Никогда в его комнате спящей
Неведомое над изголовьем его не склонялось
И не касалось губами
Его горячего лба, – продолжал Рашку, когда они огибали дом и приближались ко входу.
– Что это за стихи? – спросил Лимон. – Верблибен? Я никогда их не слышал.
– Это Поль. Только он говорит, что не писал их, а лишь перевёл. Врёт, наверное… Сюда?
– Сюда. Ребята, мы входим, не пальните случайно…
Он правильно сделал, что предупредил. Потому что, когда полог откинулся и голубоватый свет фонаря проник внутрь, огромный пёс вырвался у господина Рашку – и с каким-то невозможным звуком, похожим скорее на орлиный клёкот, бросился на грудь Полю! А тот, треща и хрустя, как связка хвороста, стремительно сел, обхватил пса за шею и замер…
Глава тринадцатая
– …и я не то чтобы совсем к ним переехал с имуществом, но как бы на правах постоянного гостя был… в старину, если книжки читали, знаете, что в обычае было у господ – приезжать к соседу поохотиться, там, или порыбачить, да и оставаться на год, на три, а то и побольше. А что? – развлечений вокруг мало, всё земледельцы да монахи, а тут люди твоего круга – вот и не отпускали их… Честно скажу, была у меня корысть, и сильная корысть. Хоть Моорс и оставил мне своих пилюль полный мешок, но со временем действие их ослабевало – то ли привыкание вырабатывалось, то ли вещества выдыхались. И, джакч, бывали вечера, когда я думал: а какого демона, массаракш?.. – взять «графа», дослать патрон – и в лоб, и конец мучениям. Почему-то именно вечерами… да. У ваших-то родных ни у кого болей нет? Ну так вы и не знаете ничего…
Кое-что знаем, подумал Лимон. Книги «Затаившаяся смерть» и «Змея под подушкой», кино «Найди меня и убей»… Особенно хорошо было кино – про двух братьев-выродков, один из которых стал знаменитым учёным, а второй – хонтийским шпионом.

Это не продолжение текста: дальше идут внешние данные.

lemma kappa_Suc:
  "kappa (Suc k) * (x (int k + 1) - x' (-1)) * (y' (int k) - y' (-1)) =
   kappa k * X2 C (x (int k + 1)) * (x' (int k + 1) - x' (-1)) * (y (int k + 1) - y' (-1))"
proof -
  define j where "j = int k"
  define Y X A B D E F G where "Y = Y2 C (y' (-1))" and "X = X2 C (x (j + 1))"
    and "A = y' (-1) - y j" and "B = y' (-1) - y' j" and "D = x' (-1) - x' (j + 1)"
    and "E = x' 0 - x (j + 1)" and "F = x (j + 1) - x' (-1)" and "G = y' (-1) - y (j + 1)"
  have "poly (tau (Suc (Suc k))) (y' (-1)) = poly (tau (Suc k)) (y' (-1)) * (Y * D * E)"
    using tau_Suc_at_roots[OF roots_at_y'_minus_1, of "Suc k"] sigma_at_y'_minus_1[of k]
    by (simp add: Y_def D_def E_def j_def add.commute)
  moreover have "poly (node_poly k) (y' (-1)) \<noteq> 0"
    by (rule poly_node_poly_nonzero) auto
  ultimately have tau_step: "kappa (Suc k) * (A * B) = kappa k * (Y * D * E)"
    unfolding tau_Suc_eq poly_smult poly_node_poly_Suc A_def B_def j_def by (simp add: mult_ac)
  have cross: "Y * F * - E = X * A * G"
    using Y2_X2_cross[of "-1" "j + 1"] by (simp add: Y_def X_def A_def E_def F_def G_def)
  have "A * (kappa (Suc k) * F * - B) = - F * (kappa (Suc k) * (A * B))"
    by (simp add: algebra_simps)
  also have "\<dots> = kappa k * D * (Y * F * - E)"
    unfolding tau_step by (simp add: algebra_simps)
  also have "\<dots> = A * (kappa k * X * - D * - G)"
    unfolding cross by (simp add: algebra_simps)
  finally have "A * (kappa (Suc k) * F * - B) = A * (kappa k * X * - D * - G)" .
  moreover have "A \<noteq> 0"
    by (simp add: A_def)
  ultimately have "kappa (Suc k) * F * - B = kappa k * X * - D * - G"
    by (metis mult_left_cancel)
  then show ?thesis
    by (simp add: X_def B_def D_def F_def G_def j_def)
qed

definition basis :: "nat \<Rightarrow> complex \<Rightarrow> complex" where
  "basis n t = (\<Prod>i<n. (t - x (int i)) / (t - x' (int i)))"

definition ybasis :: "nat \<Rightarrow> complex \<Rightarrow> complex" where
  "ybasis n z = (\<Prod>i<n. (z - y (int i)) / (z - y' (int i)))"

definition X2_prod :: "nat \<Rightarrow> complex" where
  "X2_prod n = (\<Prod>i<n. X2 C (x' (int i)))"

lemma X2_prod_nonzero: "X2_prod n \<noteq> 0"
  by (simp add: X2_prod_def)

lemma X2_prod_Suc: "X2_prod (Suc n) = X2_prod n * X2 C (x' (int n))"
  by (simp add: X2_prod_def)

lemma norm_identity_basis:
  assumes "roots_at z u v" and "\<And>i. v \<noteq> x' i"
  shows "poly (sigma n) z + poly (tau n) z * (Y2 C z * (v - u) / 2) =
         (\<Prod>i<n. Y2 C z * (u - x' (int i)) * (v - x' (int i))) * basis n v"
proof -
  have "poly (sigma n) z + poly (tau n) z * (Y2 C z * (v - u) / 2) =
        (\<Prod>i<n. Y2 C z * (u - x' (int i)) * (v - x (int i)))"
    using norm_identity[OF assms(1)] by simp
  also have "\<dots> = (\<Prod>i<n. Y2 C z * (u - x' (int i)) * (v - x' (int i))) * basis n v"
    unfolding basis_def prod.distrib[symmetric] using assms(2) by (intro prod.cong) auto
  finally show ?thesis .
qed

lemma prod_Y2_eq_X2_prod:
  "(\<Prod>i<n. Y2 C (y m) * (x m - x' (int i)) * (x (m + 1) - x' (int i))) =
   X2_prod n * (\<Prod>i<n. (y m - y' (int i - 1)) * (y m - y' (int i)))"
proof -
  have "Y2 C (y m) * (x m - x' i) * (x (m + 1) - x' i) =
        X2 C (x' i) * ((y m - y' (i - 1)) * (y m - y' i))" for i
  proof -
    have "Y2 C (y m) * (x m - x' i) * (x (m + 1) - x' i) = Y2 C (y m) * (x' i - x m) * (x' i - x (m + 1))"
      by (simp add: algebra_simps)
    also have "\<dots> = X2 C (x' i) * ((y m - y' (i - 1)) * (y m - y' i))"
      unfolding Y2_X2_cross' by (simp only: mult.assoc)
    finally show ?thesis .
  qed
  then show ?thesis
    unfolding X2_prod_def prod.distrib[symmetric] by simp
qed

end

section \<open>The interpolation coefficients\<close>

locale elliptic_interpolation = elliptic_pair +
  fixes a :: complex
  assumes a_nonzero: "a \<noteq> 0"
    and x'_step: "x' 0 - x' (-1) = 2 / a"
    and x_step_ne_2: "\<And>n::nat. a * (x (int n + 1) - x (int n)) \<noteq> 2"
begin

definition Phi :: "nat \<Rightarrow> complex poly" where
  "Phi n = ycoeff C 2 * tau n - smult a (sigma n)"

lemma poly_Phi_at_roots:
  assumes "poly (sigma n) z = poly (tau n) z * (Y2 C z * (u - v) / 2)"
  shows "poly (Phi n) z = poly (tau n) z * Y2 C z * (1 - a * (u - v) / 2)"
  unfolding Phi_def poly_diff poly_mult poly_smult assms by (simp add: algebra_simps)

lemma Phi_at_y'_minus_1: "poly (Phi (Suc k)) (y' (-1)) = 0"
  using poly_Phi_at_roots[OF sigma_at_y'_minus_1[of k]] a_nonzero by (simp add: x'_step)

lemma Phi_at_y:
  "poly (Phi (Suc k)) (y (int k)) =
   poly (tau (Suc k)) (y (int k)) * Y2 C (y (int k)) * (1 - a * (x (int k + 1) - x (int k)) / 2)"
proof -
  have "roots_at (y (int k)) (x (int k + 1)) (x (int k))"
    using roots_at_y roots_at_commute by blast
  then have "poly (sigma (Suc k)) (y (int k)) =
      poly (tau (Suc k)) (y (int k)) * (Y2 C (y (int k)) * (x (int k + 1) - x (int k)) / 2)"
    using sigma_at_roots[of _ _ _ k "Suc k"] by simp
  then show ?thesis
    by (rule poly_Phi_at_roots)
qed

lemma Phi_at_y':
  "poly (Phi (Suc k)) (y' (int k)) =
   poly (tau (Suc k)) (y' (int k)) * Y2 C (y' (int k)) * (1 + a * (x' (int k + 1) - x' (int k)) / 2)"
proof -
  have sigma: "poly (sigma (Suc k)) (y' (int k)) =
      poly (tau (Suc k)) (y' (int k)) * (Y2 C (y' (int k)) * (x' (int k) - x' (int k + 1)) / 2)"
    using sigma_at_roots[OF roots_at_y', of k "Suc k"] by simp
  show ?thesis
    unfolding poly_Phi_at_roots[OF sigma] by (simp add: field_simps)
qed

lemma Phi_vanish:
  assumes "j < k"
  shows "poly (Phi (Suc k)) (y (int j)) = 0" and "poly (Phi (Suc k)) (y' (int j)) = 0"
  using assms tau_sigma_vanish_y[of j "Suc k"] tau_sigma_vanish_y'[of j "Suc k"]
  by (simp_all add: Phi_def)

lemma degree_Phi: "degree (Phi (Suc k)) \<le> 2 * k + 2"
  unfolding Phi_def using degree_tau_sigma[of k] degree_ycoeff[of C 2]
    degree_mult_le[of "ycoeff C 2" "tau (Suc k)"]
  by (intro degree_diff_le order.trans[OF degree_smult_le]) auto

definition ell :: "nat \<Rightarrow> complex poly" where
  "ell k = Phi (Suc k) div ([:-y' (-1), 1:] * node_poly k)"

lemma Phi_Suc_eq: "Phi (Suc k) = [:-y' (-1), 1:] * ell k * node_poly k"
  and degree_ell: "degree (ell k) \<le> 1"
proof -
  obtain P where P: "Phi (Suc k) = [:-y' (-1), 1:] * P"
    using Phi_at_y'_minus_1[of k] poly_eq_0_iff_dvd by blast
  have "degree P \<le> 2 * k + 1"
  proof (cases "P = 0")
    case False
    then have "degree (Phi (Suc k)) = degree P + 1"
      unfolding P by (subst degree_mult_eq) auto
    then show ?thesis using degree_Phi[of k] by simp
  qed simp
  moreover have "poly P (y (int j)) = 0 \<and> poly P (y' (int j)) = 0" if "j < k" for j
    using Phi_vanish[OF that] unfolding P by simp
  ultimately obtain g where g: "degree g \<le> 1" "P = g * node_poly k"
    using factor_out_nodes by metis
  have "node_poly k \<noteq> 0"
    using lead_coeff_node_poly[of k] by auto
  then have "[:-y' (-1), 1:] * node_poly k \<noteq> 0"
    by (metis mult_eq_0_iff pCons_eq_0_iff zero_neq_one)
  moreover have "Phi (Suc k) = ([:-y' (-1), 1:] * node_poly k) * g"
    unfolding P g(2) by (simp only: mult_ac)
  ultimately have "ell k = g"
    unfolding ell_def by simp
  with P g show "Phi (Suc k) = [:-y' (-1), 1:] * ell k * node_poly k" and "degree (ell k) \<le> 1"
    by (simp_all only: mult.assoc)
qed

lemma ell_at_y:
  "poly (ell k) (y (int k)) * (y (int k) - y' (-1)) =
   kappa k * Y2 C (y (int k)) * (1 - a * (x (int k + 1) - x (int k)) / 2)"
proof -
  have "poly (node_poly k) (y (int k)) \<noteq> 0"
    by (rule poly_node_poly_nonzero) auto
  moreover have "poly (node_poly k) (y (int k)) * (poly (ell k) (y (int k)) * (y (int k) - y' (-1))) =
      poly (node_poly k) (y (int k)) * (kappa k * Y2 C (y (int k)) * (1 - a * (x (int k + 1) - x (int k)) / 2))"
    using Phi_at_y[of k] unfolding Phi_Suc_eq tau_Suc_eq poly_mult poly_smult
    by (simp add: mult_ac)
  ultimately show ?thesis by simp
qed

lemma ell_at_y':
  "poly (ell k) (y' (int k)) * (y' (int k) - y' (-1)) =
   kappa k * Y2 C (y' (int k)) * (1 + a * (x' (int k + 1) - x' (int k)) / 2)"
proof -
  have "poly (node_poly k) (y' (int k)) \<noteq> 0"
    by (rule poly_node_poly_nonzero) auto
  moreover have "poly (node_poly k) (y' (int k)) * (poly (ell k) (y' (int k)) * (y' (int k) - y' (-1))) =
      poly (node_poly k) (y' (int k)) * (kappa k * Y2 C (y' (int k)) * (1 + a * (x' (int k + 1) - x' (int k)) / 2))"
    using Phi_at_y'[of k] unfolding Phi_Suc_eq tau_Suc_eq poly_mult poly_smult
    by (simp add: mult_ac)
  ultimately show ?thesis by simp
qed

lemma basis_step:
  fixes m :: int
  defines "d \<equiv> x (m + 1) - x m"
  shows "(1 - a * d / 2) * basis n (x (m + 1)) - (1 + a * d / 2) * basis n (x m) =
         d * poly (Phi n) (y m) /
         (X2_prod n * (\<Prod>i<n. (y m - y' (int i - 1)) * (y m - y' (int i))))"
proof -
  define u v z where "u = x m" and "v = x (m + 1)" and "z = y m"
  define G where "G = (\<Prod>i<n. Y2 C z * (u - x' (int i)) * (v - x' (int i)))"
  have plus: "poly (sigma n) z + poly (tau n) z * (Y2 C z * (v - u) / 2) = G * basis n v"
    using norm_identity_basis[OF roots_at_y[of m]] by (simp add: G_def u_def v_def z_def)
  have minus: "poly (sigma n) z + poly (tau n) z * (Y2 C z * (u - v) / 2) = G * basis n u"
    using norm_identity_basis[of z v u] roots_at_y[of m] roots_at_commute
    by (simp add: G_def u_def v_def z_def mult_ac)
  have "G * ((1 - a * d / 2) * basis n v - (1 + a * d / 2) * basis n u) =
        (1 - a * d / 2) * (G * basis n v) - (1 + a * d / 2) * (G * basis n u)"
    by (simp add: algebra_simps)
  also have "\<dots> = d * (Y2 C z * poly (tau n) z - a * poly (sigma n) z)"
    unfolding plus[symmetric] minus[symmetric] d_def u_def[symmetric] v_def[symmetric]
    by (simp add: field_simps)
  also have "\<dots> = d * poly (Phi n) z"
    by (simp add: Phi_def)
  finally have "G * ((1 - a * d / 2) * basis n v - (1 + a * d / 2) * basis n u) = d * poly (Phi n) z" .
  moreover have G: "G = X2_prod n * (\<Prod>i<n. (z - y' (int i - 1)) * (z - y' (int i)))"
    unfolding G_def u_def v_def z_def by (rule prod_Y2_eq_X2_prod)
  moreover have "G \<noteq> 0"
    unfolding G by (auto simp: X2_prod_nonzero z_def)
  ultimately show ?thesis
    unfolding u_def v_def z_def by (simp add: field_simps)
qed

– А Поль – он как-то умел боль снимать. Просто руками. Я и… загостился. Тана его сначала на меня косилась, потом привыкла. Я полезным пытался быть, я ведь много чего умею – ну, работу всякую делать… дрова там, и… впрочем, я не об этом. В тот день мы на охоту собирались, на коз. Коз, если знаете, брать лучше ночью, в темноте, с ночным прицелом. Это ж не для развлечения, а для мяса… Хотели три-четыре тушки взять, потом закоптить. Ну и начали неторопливо: мешки, соль, перец, травы, упряжки – мясо мы на собаках собирались везти. Вот… И вдруг меня накрыло, да так, что я сознание почти сразу потерял – с отвычки, что ли. Или удар был сильнее обычного, не знаю…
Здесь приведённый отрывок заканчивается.